L’histoire : Quand Dmitry Alexeievitch, traducteur désargenté, insiste auprès de son agence pour obtenir un nouveau contrat, il ne se doute pas que sa vie en sera bouleversée. Le traducteur en charge du premier chapitre ne donnant plus de nouvelles, c'est un étrange texte qui lui échoit : le récit d'une expédition dans les forêts inexplorées du Yucatán au XVIe siècle, armée par le prêtre franciscain Diego de Landa. Et les chapitres lui en sont remis au compte-gouttes par un mystérieux commanditaire.

Aussi, quand l’employé de l'agence est sauvagement assassiné et que les périls relatés dans le document s'immiscent dans son quotidien, Dmitry Alexeievitch prend peur. Dans les ombres du passé, les dieux et les démons mayas se sont-ils acharnés à protéger un savoir interdit ? A moins, bien entendu, que le manuscrit espagnol ne lui ait fait perdre la raison. Alors que le monde autour de lui est ravagé par des ouragans, des séismes et des tsunamis, le temps est compté pour découvrir la vérité.

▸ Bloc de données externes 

(* Let $1\le i\le N$ and $w_1,w_2\in\mathcal A_i$ with $w_1\ne w_2$, and let $w_1^{-1}w_2=\prod_{\ell=1}^dA_{i_\ell,j_\ell}^{(k_\ell)}$, $d\ge1$, be the reduced representation of $w_1^{-1}w_2$. Then, as power series in $\lambda$ (in particular for all $|\lambda|\le1$), $$\mathcal R(w_1,w_2;\lambda)=\prod_{\ell=1}^dR_{i_\ell,j_\ell}^{(k_\ell)}(\lambda).$$
   Context: Fix an integer $N\ge 3$. Let $\mathcal G_N$ be the groupoid with object set $\{1,\dots,N\}$ generated by arrows $A_{i,j}^{(k)}$, $i\neq j\in\{1,\dots,N\}$, $k\in\{-1,1\}$, with source $i$ and target $j$, subject to the relations $A_{i,j}^{(k)}A_{j,\ell}^{(k)}=A_{i,\ell}^{(k)}$ for all $i,j,\ell$, $k$, with the convention $A_{i,i}^{(k)}:=e_i$ (unit at object $i$). Let $\mathcal A$ be its arrow set and $\mathcal A_i$ the set of arrows with source $i$. Every arrow has a unique reduced representation: either empty or $A_{i_1,i_2}^{(k)}A_{i_2,i_3}^{(-k)}\cdots A_{i_d,i_{d+1}}^{((-1)^{d+1}k)}$ with $d\ge1$, $i_\ell\ne i_{\ell+1}$. Let $\{W_n\}_{n\ge0}$ be the Markov chain on $\mathcal A$ with $P(W_{n+1}=y\mid W_n=x)=p_{i,j}^{(k)}$ if $x^{-1}y=A_{i,j}^{(k)}$ with $i\ne j$ and $0$ otherwise, where $p_{i,j}^{(k)}\in(0,1)$ and $\sum_{j\ne i}\sum_{k=\pm1}p_{i,j}^{(k)}=1$ for each $i$; $P_x,E_x$ denote law and expectation with $W_0=x$. For $y\in\mathcal A$ let $\tau_y=\inf\{n\ge0:W_n=y\}$ and $\mathcal R(x,y;\lambda)=\sum_{n\ge0}P_x(\tau_y=n)\lambda^n$. For $x\in\mathcal A$ let $T(0,x)=\inf\{n\ge0:W_n=W_0x\}$ (possibly $\infty$) and $R_{i,j}^{(k)}(\lambda)=E_{e_i}[\lambda^{T(0,A_{i,j}^{(k)})}]$. *)

theory Defs
  imports "HOL-Analysis.Analysis" "HOL-Computational_Algebra.Formal_Power_Series"
begin

text \<open>Letters (a,b,k) stand for the generator A_{a,b}^{(k)}.  An arrow is encoded by its
source together with its reduced word: (s, []) is the unit e_s.\<close>

type_synonym letter = "nat \<times> nat \<times> int"
type_synonym arrow = "nat \<times> letter list"

definition src :: "arrow \<Rightarrow> nat" where
  "src x = fst x"

definition tgt :: "arrow \<Rightarrow> nat" where
  "tgt x = (if snd x = [] then fst x else fst (snd (last (snd x))))"

definition reduced_word :: "nat \<Rightarrow> nat \<Rightarrow> letter list \<Rightarrow> bool" where
  "reduced_word N i ls \<longleftrightarrow>
     (\<forall>l < length ls. fst (ls!l) \<in> {1..N} \<and> fst (snd (ls!l)) \<in> {1..N}
        \<and> fst (ls!l) \<noteq> fst (snd (ls!l)) \<and> snd (snd (ls!l)) \<in> {-1, 1})
   \<and> (ls \<noteq> [] \<longrightarrow> fst (ls!0) = i)
   \<and> (\<forall>l. Suc l < length ls \<longrightarrow> fst (snd (ls!l)) = fst (ls!Suc l)
        \<and> snd (snd (ls!Suc l)) = - snd (snd (ls!l)))"

definition arrows_from :: "nat \<Rightarrow> nat \<Rightarrow> arrow set" where
  "arrows_from N i = {(i, ls) | ls. reduced_word N i ls}"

La critique de Mr K : Je ne me suis jamais vraiment remis de la claque que fut la lecture de FUTU.RE du même auteur, un roman de SF ambitieux et sans concession qui m’avait procuré un plaisir de lire rare et précieux. C’est donc avec une joie ineffable que je découvris le cadeau de Noël de belle-maman en décembre dernier. On ne le dis jamais assez, il faut toujours soigner ses relations avec sa belle-mère !

Dans Sumerki, roman de 380 pages, nous suivons la lente descente aux enfers de Dmitry Alexeïevitch, un traducteur moscovite confronté à un curieux texte écrit en espagnol il y a plusieurs siècles. Ce dernier relate une expédition de conquistadors dans la jungle du Yucatan à la recherche d’un mystérieux objet sacré aux yeux des mayas. Plus il avance dans sa traduction, plus Dmitry voit sa perception du réel se troubler, la réalité et l’imaginaire se mêlant inextricablement au fil des chapitres qui s’égrainent comme autant de coups de semonce avant la révélation finale. Rajoutez à cela des événements étranges et catastrophiques qui se produisent un peu partout dans le monde comme annonciateurs d’une apocalypse à venir et vous obtenez un texte prenant comme jamais qui fait la part belle à l’introspection du narrateur-héros et à l’installation d’une atmosphère inquiétant et glauque au possible !

Par bien des aspects, ce livre m’a tout d’abord fait penser à une superbe étude de caractère à la manière du Horla de Maupassant (malgré un style d’écriture très très différent). L’auteur s’évertue à nous décrire la moindre action, moindre pensée de son personnage principal dont on ne sait jamais vraiment s’il est sain d’esprit. Être plutôt ordinaire, quelconque, à la vie bancale, Dmitry va à travers ce nouveau travail aux conditions étranges (il reçoit les manuscrits au compte-gouttes) se révéler à lui-même. Il se retrouve confronté à l’extraordinaire entre croyances mayas qui semblent ressurgir dans le réel, un écrit mystérieux qui pose énormément de questions et n’apporte pas beaucoup de réponses dans un premier temps. On navigue donc à vue avec ce héros attachant mais néanmoins dérangé qui au fil de ses expériences, de ses rencontres interlopes (des voisins bizarres, un limier de la police qui ne lâche rien, une créature inquiétante stationnant devant sa porte...) et de ses recherches sur les mayas va toucher du doigt une vérité à la fois terrifiante et jubilatoire.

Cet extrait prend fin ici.